--- START ---
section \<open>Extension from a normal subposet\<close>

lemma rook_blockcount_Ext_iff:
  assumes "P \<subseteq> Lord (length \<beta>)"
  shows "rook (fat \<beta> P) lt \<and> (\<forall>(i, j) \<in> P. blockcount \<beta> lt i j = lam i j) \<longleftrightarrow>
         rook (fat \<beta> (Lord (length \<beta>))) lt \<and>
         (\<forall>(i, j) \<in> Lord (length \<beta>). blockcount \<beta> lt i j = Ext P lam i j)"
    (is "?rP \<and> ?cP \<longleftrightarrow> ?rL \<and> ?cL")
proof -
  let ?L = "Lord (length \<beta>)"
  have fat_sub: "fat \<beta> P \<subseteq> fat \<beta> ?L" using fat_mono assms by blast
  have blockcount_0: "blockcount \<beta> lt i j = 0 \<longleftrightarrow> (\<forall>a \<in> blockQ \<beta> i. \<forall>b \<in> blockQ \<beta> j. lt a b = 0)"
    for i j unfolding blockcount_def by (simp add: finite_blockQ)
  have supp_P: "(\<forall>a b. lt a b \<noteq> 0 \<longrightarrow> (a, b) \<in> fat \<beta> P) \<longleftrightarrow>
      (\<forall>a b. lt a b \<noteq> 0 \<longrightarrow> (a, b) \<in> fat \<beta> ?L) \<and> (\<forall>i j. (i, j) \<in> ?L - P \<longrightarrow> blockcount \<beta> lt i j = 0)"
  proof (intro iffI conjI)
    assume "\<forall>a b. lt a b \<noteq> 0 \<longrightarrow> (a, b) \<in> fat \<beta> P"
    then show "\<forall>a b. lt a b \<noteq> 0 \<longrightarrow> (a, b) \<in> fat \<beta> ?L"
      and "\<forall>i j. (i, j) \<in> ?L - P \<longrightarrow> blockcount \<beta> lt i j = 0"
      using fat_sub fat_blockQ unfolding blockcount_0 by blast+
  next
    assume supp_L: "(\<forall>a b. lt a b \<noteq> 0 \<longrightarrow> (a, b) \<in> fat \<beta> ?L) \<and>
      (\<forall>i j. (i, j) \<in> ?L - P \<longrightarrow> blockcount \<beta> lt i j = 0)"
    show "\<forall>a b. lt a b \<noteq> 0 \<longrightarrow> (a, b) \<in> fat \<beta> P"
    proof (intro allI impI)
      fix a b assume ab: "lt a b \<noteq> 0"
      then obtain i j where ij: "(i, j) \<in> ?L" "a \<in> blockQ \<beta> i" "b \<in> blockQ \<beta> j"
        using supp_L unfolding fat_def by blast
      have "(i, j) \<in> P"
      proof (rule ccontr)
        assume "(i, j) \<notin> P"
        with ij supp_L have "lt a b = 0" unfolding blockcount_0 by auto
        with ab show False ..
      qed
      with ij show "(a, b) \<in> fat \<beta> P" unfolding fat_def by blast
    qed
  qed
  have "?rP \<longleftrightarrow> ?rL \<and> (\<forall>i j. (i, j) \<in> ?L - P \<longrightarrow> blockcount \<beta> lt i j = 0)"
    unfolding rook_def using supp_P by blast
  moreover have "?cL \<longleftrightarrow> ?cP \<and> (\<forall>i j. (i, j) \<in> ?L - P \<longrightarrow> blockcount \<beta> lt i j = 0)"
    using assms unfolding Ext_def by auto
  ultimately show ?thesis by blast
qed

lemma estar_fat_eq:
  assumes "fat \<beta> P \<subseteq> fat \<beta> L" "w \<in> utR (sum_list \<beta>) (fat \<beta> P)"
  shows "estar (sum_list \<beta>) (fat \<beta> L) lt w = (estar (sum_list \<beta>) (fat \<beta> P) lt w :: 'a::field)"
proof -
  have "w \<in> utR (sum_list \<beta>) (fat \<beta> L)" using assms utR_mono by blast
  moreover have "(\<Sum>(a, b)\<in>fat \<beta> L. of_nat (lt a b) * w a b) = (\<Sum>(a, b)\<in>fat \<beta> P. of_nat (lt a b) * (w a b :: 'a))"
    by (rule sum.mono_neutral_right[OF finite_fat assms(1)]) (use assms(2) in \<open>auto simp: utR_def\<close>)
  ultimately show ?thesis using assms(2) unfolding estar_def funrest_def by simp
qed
--- END ---
### Exercise requirements
Each record needs to be duplicated exactly as given.

### Expected answer
section \<open>Extension from a normal subposet\<close>

lemma rook_blockcount_Ext_iff:
  assumes "P \<subseteq> Lord (length \<beta>)"
  shows "rook (fat \<beta> P) lt \<and> (\<forall>(i, j) \<in> P. blockcount \<beta> lt i j = lam i j) \<longleftrightarrow>
         rook (fat \<beta> (Lord (length \<beta>))) lt \<and>
         (\<forall>(i, j) \<in> Lord (length \<beta>). blockcount \<beta> lt i j = Ext P lam i j)"
    (is "?rP \<and> ?cP \<longleftrightarrow> ?rL \<and> ?cL")
proof -
  let ?L = "Lord (length \<beta>)"
  have fat_sub: "fat \<beta> P \<subseteq> fat \<beta> ?L" using fat_mono assms by blast
  have blockcount_0: "blockcount \<beta> lt i j = 0 \<longleftrightarrow> (\<forall>a \<in> blockQ \<beta> i. \<forall>b \<in> blockQ \<beta> j. lt a b = 0)"
    for i j unfolding blockcount_def by (simp add: finite_blockQ)
  have supp_P: "(\<forall>a b. lt a b \<noteq> 0 \<longrightarrow> (a, b) \<in> fat \<beta> P) \<longleftrightarrow>
      (\<forall>a b. lt a b \<noteq> 0 \<longrightarrow> (a, b) \<in> fat \<beta> ?L) \<and> (\<forall>i j. (i, j) \<in> ?L - P \<longrightarrow> blockcount \<beta> lt i j = 0)"
  proof (intro iffI conjI)
    assume "\<forall>a b. lt a b \<noteq> 0 \<longrightarrow> (a, b) \<in> fat \<beta> P"
    then show "\<forall>a b. lt a b \<noteq> 0 \<longrightarrow> (a, b) \<in> fat \<beta> ?L"
      and "\<forall>i j. (i, j) \<in> ?L - P \<longrightarrow> blockcount \<beta> lt i j = 0"
      using fat_sub fat_blockQ unfolding blockcount_0 by blast+
  next
    assume supp_L: "(\<forall>a b. lt a b \<noteq> 0 \<longrightarrow> (a, b) \<in> fat \<beta> ?L) \<and>
      (\<forall>i j. (i, j) \<in> ?L - P \<longrightarrow> blockcount \<beta> lt i j = 0)"
    show "\<forall>a b. lt a b \<noteq> 0 \<longrightarrow> (a, b) \<in> fat \<beta> P"
    proof (intro allI impI)
      fix a b assume ab: "lt a b \<noteq> 0"
      then obtain i j where ij: "(i, j) \<in> ?L" "a \<in> blockQ \<beta> i" "b \<in> blockQ \<beta> j"
        using supp_L unfolding fat_def by blast
      have "(i, j) \<in> P"
      proof (rule ccontr)
        assume "(i, j) \<notin> P"
        with ij supp_L have "lt a b = 0" unfolding blockcount_0 by auto
        with ab show False ..
      qed
      with ij show "(a, b) \<in> fat \<beta> P" unfolding fat_def by blast
    qed
  qed
  have "?rP \<longleftrightarrow> ?rL \<and> (\<forall>i j. (i, j) \<in> ?L - P \<longrightarrow> blockcount \<beta> lt i j = 0)"
    unfolding rook_def using supp_P by blast
  moreover have "?cL \<longleftrightarrow> ?cP \<and> (\<forall>i j. (i, j) \<in> ?L - P \<longrightarrow> blockcount \<beta> lt i j = 0)"
    using assms unfolding Ext_def by auto
  ultimately show ?thesis by blast
qed

lemma estar_fat_eq:
  assumes "fat \<beta> P \<subseteq> fat \<beta> L" "w \<in> utR (sum_list \<beta>) (fat \<beta> P)"
  shows "estar (sum_list \<beta>) (fat \<beta> L) lt w = (estar (sum_list \<beta>) (fat \<beta> P) lt w :: 'a::field)"
proof -
  have "w \<in> utR (sum_list \<beta>) (fat \<beta> L)" using assms utR_mono by blast
  moreover have "(\<Sum>(a, b)\<in>fat \<beta> L. of_nat (lt a b) * w a b) = (\<Sum>(a, b)\<in>fat \<beta> P. of_nat (lt a b) * (w a b :: 'a))"
    by (rule sum.mono_neutral_right[OF finite_fat assms(1)]) (use assms(2) in \<open>auto simp: utR_def\<close>)
  ultimately show ?thesis using assms(2) unfolding estar_def funrest_def by simp
qed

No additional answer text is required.